◆ **EXERCISE DETAILS**: Only the lines below between the ones containing "b (?m f h) = g" and "q) (\<lambda>f. \<Prod>c\<in>insert", inclusive, are to be reproduced, each exactly as it stands.

Collected data entries
(* Consider noisy group testing under reverse $Z$-channel noise with parameter $\rho\in(0,1)$, $k=\Theta(p^\theta)$ defectives with $\theta\in(0,1)$, and i.i.d. Bernoulli testing with parameter $\nu>0$. For fixed $\beta\in(\rho,1)$, consider the following noisy DD algorithm: (1) let $\widehat{\mathrm{PD}}$ be the set of items $j$ that appear in no negative test; (2) for $j\in\widehat{\mathrm{PD}}$ let $\tilde N_{\rm pos}(j)$ be the number of positive tests that contain $j$ and no other item of $\widehat{\mathrm{PD}}$, and output $\hat S=\{j\in\widehat{\mathrm{PD}}:\tilde N_{\rm pos}(j)\ge \beta n\nu e^{-\nu}/k\}$. Then for any $\beta\in(\rho,1)$ and $\xi\in(0,\theta)$, this algorithm achieves $P_e\to0$ as long as $n\ge n_{\rm DD}(1+\eta)$ for an arbitrarily small fixed $\eta>0$, where $n_{\rm DD}=\max\{n_1^{(ND)},n_2^{(D)},n_2^{(ND)}\}$ with $$n_1^{(ND)}=\frac{1-\xi}{(1-\rho)\nu e^{-\nu}}\,k\log p,\qquad n_2^{(D)}=\frac{1}{\nu e^{-\nu}D_1(\beta)}\,k\log k,\qquad n_2^{(ND)}=\frac{\xi}{\nu e^{-\nu}\rho D_1(\beta/\rho)}\,k\log p.$$
   Context: Setup: $p$ items, unknown defective set $S$ uniform among size-$k$ subsets of $\{1,\dots,p\}$, $p\to\infty$. Test matrix $\mathbf X\in\{0,1\}^{n\times p}$ with i.i.d. Bernoulli$(\nu/k)$ entries ($X_{ij}=1$ iff item $j$ is in test $i$). Noiseless outcome $U_i=\bigvee_{j\in S}X_{ij}$; observed outcome $Y_i$ obtained by passing $U_i$ independently through the reverse $Z$-channel: $P(Y=1|U=0)=\rho$, $P(Y=0|U=0)=1-\rho$, $P(Y=1|U=1)=1$. Test $i$ is positive if $Y_i=1$ and negative if $Y_i=0$. $P_e=\mathbb P[\hat S\ne S]$. Natural logarithms. For $\gamma>0$ and $t\ge0$, $D_\gamma(t)=t\log(t/\gamma)-t+\gamma$. *)

theory Defs
  imports "HOL-Probability.Probability" "HOL-Library.Landau_Symbols"
begin

text \<open>Items are indexed by 0..<p, tests by 0..<n.  A test matrix is X :: nat \<times> nat \<Rightarrow> bool,
  X (i,j) = True iff item j is in test i.\<close>

definition D_gamma :: "real \<Rightarrow> real \<Rightarrow> real" where
  "D_gamma \<gamma> t = t * ln (t / \<gamma>) - t + \<gamma>"

definition ksubsets :: "nat \<Rightarrow> nat \<Rightarrow> nat set set" where
  "ksubsets p k = {S. S \<subseteq> {..<p} \<and> card S = k}"

definition noiseless_outcome :: "nat set \<Rightarrow> (nat \<times> nat \<Rightarrow> bool) \<Rightarrow> nat \<Rightarrow> bool" where
  "noiseless_outcome S X i = (\<exists>j\<in>S. X (i, j))"

text \<open>Reverse Z-channel: Y = U or Z where Z_i ~ Bernoulli(rho) i.i.d. (flips 0 to 1 w.p. rho).\<close>
definition observed_outcome :: "nat set \<Rightarrow> (nat \<times> nat \<Rightarrow> bool) \<Rightarrow> (nat \<Rightarrow> bool) \<Rightarrow> nat \<Rightarrow> bool" where
  "observed_outcome S X Z i = (noiseless_outcome S X i \<or> Z i)"

definition dd_PD :: "nat \<Rightarrow> nat \<Rightarrow> (nat \<times> nat \<Rightarrow> bool) \<Rightarrow> (nat \<Rightarrow> bool) \<Rightarrow> nat set" where
  "dd_PD p n X Y = {j. j < p \<and> (\<forall>i<n. X (i, j) \<longrightarrow> Y i)}"

definition dd_Npos :: "nat \<Rightarrow> nat \<Rightarrow> (nat \<times> nat \<Rightarrow> bool) \<Rightarrow> (nat \<Rightarrow> bool) \<Rightarrow> nat \<Rightarrow> nat" where
  "dd_Npos p n X Y j = card {i. i < n \<and> Y i \<and> X (i, j) \<and>
      (\<forall>j'\<in>dd_PD p n X Y. j' \<noteq> j \<longrightarrow> \<not> X (i, j'))}"

definition dd_decode :: "nat \<Rightarrow> nat \<Rightarrow> nat \<Rightarrow> real \<Rightarrow> real \<Rightarrow> (nat \<times> nat \<Rightarrow> bool) \<Rightarrow> (nat \<Rightarrow> bool) \<Rightarrow> nat set" where
  "dd_decode p n k \<nu> \<beta> X Y = {j \<in> dd_PD p n X Y.
      real (dd_Npos p n X Y j) \<ge> \<beta> * real n * \<nu> * exp (- \<nu>) / real k}"

definition gt_model :: "nat \<Rightarrow> nat \<Rightarrow> nat \<Rightarrow> real \<Rightarrow> real \<Rightarrow>
    (nat set \<times> (nat \<times> nat \<Rightarrow> bool) \<times> (nat \<Rightarrow> bool)) pmf" where
  "gt_model p k n \<nu> \<rho> =
     pair_pmf (pmf_of_set (ksubsets p k))
       (pair_pmf (Pi_pmf ({..<n} \<times> {..<p}) False (\<lambda>_. bernoulli_pmf (\<nu> / real k)))
                 (Pi_pmf {..<n} False (\<lambda>_. bernoulli_pmf \<rho>)))"

definition dd_error_prob :: "nat \<Rightarrow> nat \<Rightarrow> nat \<Rightarrow> real \<Rightarrow> real \<Rightarrow> real \<Rightarrow> real" where
  "dd_error_prob p k n \<nu> \<rho> \<beta> =
     measure_pmf.prob (gt_model p k n \<nu> \<rho>)
       {(S, X, Z). dd_decode p n k \<nu> \<beta> X (observed_outcome S X Z) \<noteq> S}"

definition n_DD :: "nat \<Rightarrow> nat \<Rightarrow> real \<Rightarrow> real \<Rightarrow> real \<Rightarrow> real \<Rightarrow> real" where
  "n_DD p k \<nu> \<rho> \<beta> \<xi> =
     (let c = \<nu> * exp (- \<nu>);
          n1ND = (1 - \<xi>) / ((1 - \<rho>) * c) * real k * ln (real p);
          n2D = 1 / (c * D_gamma 1 \<beta>) * real k * ln (real k);
          n2ND = \<xi> / (c * \<rho> * D_gamma 1 (\<beta> / \<rho>)) * real k * ln (real p)
      in max n1ND (max n2D n2ND))"

end

(*
  Fix the defective set S and write mu = n nu e^-nu / k.  Storing the noise bits Z as an extra
  column p of the test matrix makes (X, Z) a single family of independent coins.  If the decoder
  errs, then (A) a non-defective item lies in at least T = beta mu defective-free tests, all of them
  turned positive by noise; or (C) a defective item is the only defective in fewer than a = beta' mu
  tests; or (W) more than M = p^xi' non-defectives survive step 1; or (I) a defective item shares
  more than b = (beta' - beta) mu tests with at most M surviving non-defectives.  Since
  a - b = T, one of the four must happen.  The events (A), (C), (I) are bounded by exponential
  moments, which factor over the independent rows of the matrix, and (W) by Markov's inequality.
  Under n >= (1 + eta) n_DD the four bounds decay like p^(-eta/2), k^(-eta/4), p^(xi - xi') and 1/k.
*)
theory Submission
  imports Defs "HOL-Real_Asymp.Real_Asymp"
begin

section \<open>Products of Bernoulli coins\<close>

lemma finite_set_Pi_pmf_bool:
  fixes q :: "'a \<Rightarrow> bool pmf"
  assumes "finite A"
  shows "finite (set_pmf (Pi_pmf A d q))"
proof -
  have "set_pmf (Pi_pmf A d q) \<subseteq> PiE_dflt A d (\<lambda>_. UNIV)"
    using set_Pi_pmf_subset'[OF assms, of d q] by (auto simp: PiE_dflt_def)
  moreover have "finite (PiE_dflt A d (\<lambda>_. UNIV :: bool set))"
    using assms by (intro finite_PiE_dflt) auto
  ultimately show ?thesis by (rule finite_subset)
qed

lemma expectation_pair_pmf:
  fixes f :: "'a \<times> 'b \<Rightarrow> real"
  assumes "finite (set_pmf A)" "finite (set_pmf B)"
  shows "measure_pmf.expectation (pair_pmf A B) f =
         measure_pmf.expectation A (\<lambda>a. measure_pmf.expectation B (\<lambda>b. f (a, b)))"
proof -
  have "measure_pmf.expectation (pair_pmf A B) f = (\<Sum>ab\<in>set_pmf A \<times> set_pmf B. f ab * pmf (pair_pmf A B) ab)"
    using assms by (intro integral_measure_pmf_real) auto
  also have "\<dots> = (\<Sum>a\<in>set_pmf A. \<Sum>b\<in>set_pmf B. f (a,b) * (pmf A a * pmf B b))"
    by (subst sum.cartesian_product) (auto intro!: sum.cong simp: pmf_pair)
  also have "\<dots> = (\<Sum>a\<in>set_pmf A. (\<Sum>b\<in>set_pmf B. f (a,b) * pmf B b) * pmf A a)"
    by (simp add: sum_distrib_right sum_distrib_left mult_ac)
  also have "\<dots> = measure_pmf.expectation A (\<lambda>a. measure_pmf.expectation B (\<lambda>b. f (a, b)))"
    using assms by (subst integral_measure_pmf_real[where A="set_pmf A"]) (auto simp: integral_measure_pmf_real[where A="set_pmf B"])
  finally show ?thesis .
qed

lemma expectation_Pi_pmf_restrict:
  fixes q :: "'a \<Rightarrow> bool pmf" and g :: "('a \<Rightarrow> bool) \<Rightarrow> real"
  assumes "finite A" "B \<subseteq> A" "\<And>f f'. (\<And>x. x \<in> B \<Longrightarrow> f x = f' x) \<Longrightarrow> g f = g f'"
  shows "measure_pmf.expectation (Pi_pmf A d q) g = measure_pmf.expectation (Pi_pmf B d q) g"
proof -
  have "Pi_pmf B d q = map_pmf (\<lambda>f x. if x \<in> B then f x else d) (Pi_pmf A d q)"
    using assms by (intro Pi_pmf_subset)
  then have "measure_pmf.expectation (Pi_pmf B d q) g =
      measure_pmf.expectation (Pi_pmf A d q) (\<lambda>f. g (\<lambda>x. if x \<in> B then f x else d))" by simp
  also have "\<dots> = measure_pmf.expectation (Pi_pmf A d q) g"
    by (intro Bochner_Integration.integral_cong refl assms(3)) auto
  finally show ?thesis ..
qed

lemma expectation_Pi_pmf_union:
  fixes q :: "'a \<Rightarrow> bool pmf" and H :: "('a \<Rightarrow> bool) \<Rightarrow> real"
  assumes "finite A" "finite B" "A \<inter> B = {}"
  shows "measure_pmf.expectation (Pi_pmf (A \<union> B) d q) H =
    measure_pmf.expectation (Pi_pmf A d q) (\<lambda>f. measure_pmf.expectation (Pi_pmf B d q)
        (\<lambda>g. H (\<lambda>x. if x \<in> A then f x else g x)))"
proof -
  have "measure_pmf.expectation (Pi_pmf (A \<union> B) d q) H =
     measure_pmf.expectation (pair_pmf (Pi_pmf A d q) (Pi_pmf B d q)) (\<lambda>(f,g). H (\<lambda>x. if x \<in> A then f x else g x))"
    by (subst Pi_pmf_union[OF assms]) (simp add: case_prod_unfold)
  also have "\<dots> = measure_pmf.expectation (Pi_pmf A d q) (\<lambda>f. measure_pmf.expectation (Pi_pmf B d q)
        (\<lambda>g. H (\<lambda>x. if x \<in> A then f x else g x)))"
    using assms by (subst expectation_pair_pmf) (auto intro!: finite_set_Pi_pmf_bool)
  finally show ?thesis .
qed

lemma expectation_Pi_pmf_union_le:
  fixes q :: "'a \<Rightarrow> bool pmf" and H :: "('a \<Rightarrow> bool) \<Rightarrow> real"
  assumes "finite A" "finite B" "A \<inter> B = {}"
    and "\<And>f. measure_pmf.expectation (Pi_pmf B d q) (\<lambda>g. H (\<lambda>x. if x \<in> A then f x else g x)) \<le> c f"
  shows "measure_pmf.expectation (Pi_pmf (A \<union> B) d q) H \<le> measure_pmf.expectation (Pi_pmf A d q) c"
proof -
  have "finite (set_pmf (Pi_pmf A d q))"
    using assms(1) by (rule finite_set_Pi_pmf_bool)
  then show ?thesis
    unfolding expectation_Pi_pmf_union[OF assms(1-3)]
    by (intro integral_mono integrable_measure_pmf_finite assms(4))
qed

lemma expectation_Pi_pmf_prod_blocks:
  fixes q :: "'a \<Rightarrow> bool pmf" and g :: "'b \<Rightarrow> ('a \<Rightarrow> bool) \<Rightarrow> real"
  assumes "finite I" "finite A" "\<And>b. b \<in> I \<Longrightarrow> Bl b \<subseteq> A" "disjoint_family_on Bl I"
    and "\<And>b f f'. b \<in> I \<Longrightarrow> (\<And>x. x \<in> Bl b \<Longrightarrow> f x = f' x) \<Longrightarrow> g b f = g b f'"
  shows "measure_pmf.expectation (Pi_pmf A d q) (\<lambda>f. \<Prod>b\<in>I. g b f) =
         (\<Prod>b\<in>I. measure_pmf.expectation (Pi_pmf A d q) (g b))"
  using assms
proof (induction I arbitrary: A rule: finite_induct)
  case empty
  then show ?case by simp
next
  case (insert b I)
  let ?E = "measure_pmf.expectation"
  let ?m = "\<lambda>f h x. if x \<in> Bl b then f x else h x"
  have Bb: "Bl b \<subseteq> A" using insert.prems(2) by blast
  have A: "Pi_pmf A d q = Pi_pmf (Bl b \<union> (A - Bl b)) d q" using Bb by (simp add: Un_absorb1)
  have fin: "finite (Bl b)" "finite (A - Bl b)" using Bb insert.prems(1) finite_subset by auto
  have others: "Bl c \<subseteq> A - Bl b" if "c \<in> I" for c
    using insert.prems(2,3) that insert.hyps(2) unfolding disjoint_family_on_def by fastforce
  have local_b: "g b (?m f h) = g b f" for f h
    by (rule insert.prems(4)) auto
  have local_c: "g c (?m f h) = g c h" if "c \<in> I" for c f h
    by (rule insert.prems(4)) (use others[OF that] that in auto)
  have "?E (Pi_pmf A d q) (\<lambda>f. \<Prod>c\<in>insert b I. g c f) =
        ?E (Pi_pmf (Bl b \<union> (A - Bl b)) d q) (\<lambda>f. g b f * (\<Prod>c\<in>I. g c f))"
    unfolding A prod.insert[OF insert.hyps] ..
  also have "\<dots> = ?E (Pi_pmf (Bl b) d q) (\<lambda>f. ?E (Pi_pmf (A - Bl b) d q)
        (\<lambda>h. g b (?m f h) * (\<Prod>c\<in>I. g c (?m f h))))"
    by (rule expectation_Pi_pmf_union[OF fin]) blast
  also have "\<dots> = ?E (Pi_pmf (Bl b) d q) (\<lambda>f. ?E (Pi_pmf (A - Bl b) d q)
        (\<lambda>h. g b f * (\<Prod>c\<in>I. g c h)))"
    using local_b local_c by (intro Bochner_Integration.integral_cong refl prod.cong) auto
  also have "\<dots> = ?E (Pi_pmf (Bl b) d q) (\<lambda>f. g b f * ?E (Pi_pmf (A - Bl b) d q)
        (\<lambda>h. \<Prod>c\<in>I. g c h))"
    by simp
  also have "\<dots> = ?E (Pi_pmf (Bl b) d q) (g b) * ?E (Pi_pmf (A - Bl b) d q) (\<lambda>h. \<Prod>c\<in>I. g c h)"
    by simp
  also have "?E (Pi_pmf (A - Bl b) d q) (\<lambda>h. \<Prod>c\<in>I. g c h) =
      (\<Prod>c\<in>I. ?E (Pi_pmf (A - Bl b) d q) (g c))"
  proof (rule insert.IH)
    show "disjoint_family_on Bl I"
      using insert.prems(3) unfolding disjoint_family_on_def by blast
  qed (use fin others insert.prems(4) in blast)+
  also have "\<dots> = (\<Prod>c\<in>I. ?E (Pi_pmf A d q) (g c))"
  proof (rule prod.cong[OF refl])
    fix c assume c: "c \<in> I"
    show "?E (Pi_pmf (A - Bl b) d q) (g c) = ?E (Pi_pmf A d q) (g c)"
    proof (rule expectation_Pi_pmf_restrict[symmetric, OF insert.prems(1)])
      fix f f' :: "'a \<Rightarrow> bool" assume "\<And>x. x \<in> A - Bl b \<Longrightarrow> f x = f' x"
      then show "g c f = g c f'"
        using others[OF c] by (intro insert.prems(4)[OF insertI2[OF c]]) blast
    qed blast
  qed
  also have "?E (Pi_pmf (Bl b) d q) (g b) = ?E (Pi_pmf A d q) (g b)"
    by (rule expectation_Pi_pmf_restrict[symmetric, OF insert.prems(1) Bb]) (rule insert.prems(4), auto)
  finally show ?case by (simp only: prod.insert[OF insert.hyps])
qed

◆ **REPLY**:
  have local_b: "g b (?m f h) = g b f" for f h
    by (rule insert.prems(4)) auto
  have local_c: "g c (?m f h) = g c h" if "c \<in> I" for c f h
    by (rule insert.prems(4)) (use others[OF that] that in auto)
  have "?E (Pi_pmf A d q) (\<lambda>f. \<Prod>c\<in>insert b I. g c f) =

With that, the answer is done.